Représentation en histogramme du pourcentage de cellules énuclées de 3 lignées cellulaires HeLa, U2OS et HuH7. Les quantifications ont été réalisées par numération manuelle lors de l’observation des acquisitions effectuées en microscopie à épifluorescence. Les cellules marquées, soit actine soit Mt, sont identifiées. La présence du marquage Dapi dans les cellules permet d’estimer le nombre de cellules énucléées (absence de Dapi). Entre 6 et 8 quantifications indépendantes ont été accomplies pour chaque lignée. Représentation graphique en boite à moustache, toutes les quantifications sont représentées par les points, les extrémités (tiret noir) représentent le minimum et le maximum, les valeurs indiquées par les boites représentent 25% percentile et 75% percentile.

Les points sur l’histogramme de la figure 66 représentent les valeurs de pourcentage de cellule énuclées quantifiées dans des expériences indépendantes. Toutes lignées confondues, le pourcentage de cellules énuclées obtenues est compris entre 20% et 70%. La moyenne du pourcentage d’énucléation est entre 40 et 50% pour les trois lignées utilisées.

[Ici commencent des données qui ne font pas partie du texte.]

(* Let $N$ be a Niemeier lattice with roots, $N^{-}$ the lattice $N$ with negated form $\langle\ ,\ \rangle^{-}_N$, $R$ the set of $(-2)$-vectors of $N^{-}$, and $\Theta=\Theta_1\sqcup\dots\sqcup\Theta_K$ a simple root system of $\langle R\rangle$ decomposed into its connected components. Put $A_i=\langle\Theta_i\rangle^\vee/\langle\Theta_i\rangle$, and regard $N^{-}/\langle R\rangle\subset A_1\times\dots\times A_K$ via $N^{-}\subset\langle R\rangle^\vee=\langle\Theta_1\rangle^\vee\oplus\dots\oplus\langle\Theta_K\rangle^\vee$. For a codeword $\gamma\in N^{-}/\langle R\rangle$ with components $\gamma_i\in A_i$, let $\tilde\gamma_i\in\langle\Theta_i\rangle^\vee$ be the canonical representative of $\gamma_i$ and put $v_\gamma=\tilde\gamma_1+\dots+\tilde\gamma_K\in\langle R\rangle^\vee$. Then $v_\gamma\in N^{-}$.
   Context: A Niemeier lattice is an even unimodular positive-definite lattice of rank $24$; "with roots" means it has vectors of norm $2$. A simple root system of $\langle R\rangle$ is a subset $\Theta\subset R$ forming a $\mathbb{Z}$-basis of $\langle R\rangle$ whose dual graph (edge between $r\ne r'$ iff $\langle r,r'\rangle^{-}_N=1$; distinct elements have $\langle r,r'\rangle^-_N\in\{0,1\}$) is a disjoint union of ordinary $ADE$ Dynkin diagrams; $\Theta_i$ are the vertex sets of its connected components. For $M$ a lattice, $M^\vee=\{x\in M\otimes\mathbb{Q}:\langle x,v\rangle\in\mathbb{Z}\ \forall v\in M\}$. Canonical representative: let $\Sigma=\{r_1,\dots,r_k\}$ be a connected simple root system (e.g. some $\Theta_i$), let $\mu=\sum_j m(r_j)r_j$ be the highest root of $\langle\Sigma\rangle$ with respect to $\Sigma$ (coefficients $m(r_j)$ positive integers), let $J(\Sigma)=\{j:m(r_j)=1\}$, and let $r_1^\vee,\dots,r_k^\vee$ be the basis of $\langle\Sigma\rangle^\vee$ dual to $r_1,\dots,r_k$. The map $j\mapsto r_j^\vee\bmod\langle\Sigma\rangle$ is a bijection from $J(\Sigma)$ onto the nonzero elements of $\langle\Sigma\rangle^\vee/\langle\Sigma\rangle$. The canonical representative of $\alpha\in\langle\Sigma\rangle^\vee/\langle\Sigma\rangle$ is $0$ if $\alpha=0$, and $r_j^\vee$ for the unique $j\in J(\Sigma)$ with $r_j^\vee\equiv\alpha$ otherwise. *)

theory Defs
  imports "HOL-Analysis.Analysis"
begin

type_synonym vec = "real^24"

text \<open>The lattice N is realised as a subset of Euclidean space real^24 with the standard
dot product (its positive-definite form); N^- is the same set with the negated form.\<close>

definition negform :: "vec \<Rightarrow> vec \<Rightarrow> real" where
  "negform x y = - (x \<bullet> y)"

definition zspan :: "vec set \<Rightarrow> vec set" where
  "zspan M = {(\<Sum>v\<in>F. of_int (c v) *\<^sub>R v) | F c. finite F \<and> F \<subseteq> M}"

definition qspan :: "vec set \<Rightarrow> vec set" where
  "qspan M = {(\<Sum>v\<in>F. c v *\<^sub>R v) | F c. finite F \<and> F \<subseteq> M \<and> (\<forall>v\<in>F. c v \<in> \<rat>)}"

definition dual_lattice :: "vec set \<Rightarrow> vec set" where
  "dual_lattice M = {x \<in> qspan M. \<forall>v\<in>M. negform x v \<in> \<int>}"

definition z_indep :: "vec set \<Rightarrow> bool" where
  "z_indep S \<longleftrightarrow> (\<forall>F c. finite F \<and> F \<subseteq> S \<and> (\<Sum>v\<in>F. of_int (c v) *\<^sub>R v) = (0::vec)
                     \<longrightarrow> (\<forall>v\<in>F. c v = (0::int)))"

Pour caractériser les cellules énuclées j’ai choisi de marquer le cytosquelette et certains compartiments cellulaires pour analyser l’impact de l’énucléation sur la structure de la cellule ainsi que les protéines ayant un intérêt dans l’investigation du mécanisme de dissociation de cargo des Mt comme les protéines du transport cytoplasmique (dynéine) et du transport nucléaire (importines).

Une partie des observations ont été faites sur les trois lignées cellulaires utilisées dans les énucléations. Seuls les résultats des IF effectués sur les cellules U2OS sont présentés dans la figure 67.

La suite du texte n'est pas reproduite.